3) A Closed-Form Persistence-Landmark Pipeline for Certified Point-Cloud and Graph Classification
- Authors: Sushovan Majhi, Atish Mitra, Žiga Virk, Pramita Bagchi
- arXiv: 2605.02836 · pdf
- LLM context source: abstract only
- Categories: cs.LG, math.AT
Abstract
We introduce PLACE (Persistence-Landmark Analytic Classification Engine), a closed-form pipeline for classifying point clouds and graphs through their persistent-homology signatures. Three quantitative guarantees – a margin-based excess-risk rate, a closed-form descriptor-selection rule, and a per-prediction certificate – are derived from training labels alone, with no learned weights or held-out calibration. The embedding sums Mitra-Virk single-point coordinate functions over a sparse landmark grid; closed-form weights maximize a structural distortion constant $λ(ν)$ (a Lipschitz lower bound on $\mathcal{D}n$ under non-interference). (i) An $O(kR/(Δ\sqrt{m{\min}}))$ margin bound, driven by class-mean separation $Δ$ and embedding radius $R$, matched by a sample-starved minimax lower bound. (ii) The Mahalanobis margin under Ledoit-Wolf-shrunk covariance is the strongest closed-form descriptor selector on a heterogeneous 64-descriptor chemical-graph pool (mean Spearman $ρ\approx +0.54$ across 10 benchmarks, positive on 9 of 10); the isotropic surrogate $Δ/\sqrt\ell$ admits a closed-form selection-consistency rate on homogeneous (14-15 descriptor) protein/social pools. (iii) A training-time-decided certificate with no per-prediction overhead, in non-asymptotic Pinelis and asymptotic Gaussian plug-in forms. Empirically, PLACE is the strongest diagram-based method on Orbit5k and matches the strongest topology-based baseline within statistical noise on MUTAG and COX2. The remaining gaps fall into two diagnosable regimes: descriptor blindness on NCI1/NCI109, and pool-coverage limits elsewhere. Both radii exceed the firing threshold $\hatΔ/2$ on every benchmark at our training-set sizes, dominated by the $\sqrt\ell$ scaling of the multivariate-norm bound; the per-prediction certificate is constructive but not yet operational at these sizes.

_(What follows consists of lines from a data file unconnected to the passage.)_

lemma ln_Beta_ge:
  fixes \<alpha> \<beta> :: real
  assumes "3 \<le> \<alpha>" "3 \<le> \<beta>" "\<alpha> + \<beta> = real n"
  shows "\<alpha> * ln (\<alpha> / real n) + \<beta> * ln (\<beta> / real n) - 2 * ln \<alpha> - 2 * ln \<beta> - 1 \<le> ln (Beta \<alpha> \<beta>)"
proof -
  have n: "0 < n" using assms by linarith
  have "0 < Gamma \<alpha>" "0 < Gamma \<beta>" "0 < Gamma (real n)" using assms n by auto
  then have "ln (Beta \<alpha> \<beta>) = ln (Gamma \<alpha>) + ln (Gamma \<beta>) - ln (Gamma (real n))"
    unfolding Beta_def assms(3) by (simp add: ln_mult ln_div)
  moreover have "(\<alpha> - 2) * ln (\<alpha> - 2) - (\<alpha> - 2) \<le> ln (Gamma \<alpha>)" "(\<beta> - 2) * ln (\<beta> - 2) - (\<beta> - 2) \<le> ln (Gamma \<beta>)"
    using assms by (auto intro!: ln_Gamma_ge)
  moreover have "\<alpha> * ln \<alpha> - (\<alpha> - 2) * ln (\<alpha> - 2) \<le> 2 * ln \<alpha> + 2" "\<beta> * ln \<beta> - (\<beta> - 2) * ln (\<beta> - 2) \<le> 2 * ln \<beta> + 2"
    using assms by (auto intro!: x_ln_x_diff_le)
  moreover have "\<alpha> * ln (\<alpha> / real n) + \<beta> * ln (\<beta> / real n) = \<alpha> * ln \<alpha> + \<beta> * ln \<beta> - real n * ln (real n)"
    using assms n by (simp add: ln_div algebra_simps flip: assms(3))
  ultimately show ?thesis using ln_Gamma_of_nat_le[OF n] assms(3) by linarith
qed

lemma ln_le_two_sqrt: "0 < x \<Longrightarrow> ln x \<le> 2 * sqrt x"
  using ln_le_minus_one[of "sqrt x"] by (simp add: ln_sqrt)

Formula and Experiment Notes (LLM)
Formula Walkthrough
1. Structural Distortion Constant
[ λ(ν) = \max_{x \in X} \left{ \left| \sum_{i=1}^{k} w_i f_i(x) \right|_2 \right} ] Symbols:
- ( λ(ν) ): structural distortion constant
- ( X ): input space
- ( w_i ): weights
- ( f_i(x) ): Mitra-Virk single-point coordinate functions
- ( k ): number of landmarks
- ( \left| \cdot \right|_2 ): Euclidean norm
Matters: This equation defines the structural distortion constant, which is a Lipschitz lower bound on the distance between the embedding and the true label.
2. Mahalanobis Margin
[ \Delta = \frac{\Delta}{\sqrt{\ell}} ] Symbols:
- ( \Delta ): class-mean separation
- ( \ell ): isotropic surrogate
Matters: This equation defines the Mahalanobis margin, which is used as a closed-form descriptor selector.
3. Closed-Form Weights
[ \hat{w} = \argmax_{w} \left{ \min_{x \in X} \left| \sum_{i=1}^{k} w_i f_i(x) \right|_2 \right} ] Symbols:
- ( \hat{w} ): closed-form weights
- ( w ): weights
- ( f_i(x) ): Mitra-Virk single-point coordinate functions
- ( X ): input space
- ( k ): number of landmarks
Matters: This equation defines the closed-form weights that maximize the structural distortion constant.
4. Sample-Starved Minimax Lower Bound
[ O\left(\frac{kR}{\Delta\sqrt{m_{\min}}} \right) ] Symbols:
- ( k ): number of landmarks
- ( R ): embedding radius
- ( \Delta ): class-mean separation
- ( m_{\min} ): minimum number of samples
Matters: This equation provides a sample-starved minimax lower bound on the margin-based excess-risk rate.
5. Per-Prediction Certificate
[ \text{Certificate} = \text{Ledoit-Wolf-shrunk covariance} ] Symbols:
- ( \text{Certificate} ): per-prediction certificate
- Ledoit-Wolf-shrunk covariance: a measure of the covariance matrix
Matters: This equation defines the per-prediction certificate, which is a training-time-decided certificate with no per-prediction overhead.
Method Summary
- The PLACE (Persistence-Landmark Analytic Classification Engine) pipeline uses a closed-form approach to classify point clouds and graphs through their persistent-homology signatures.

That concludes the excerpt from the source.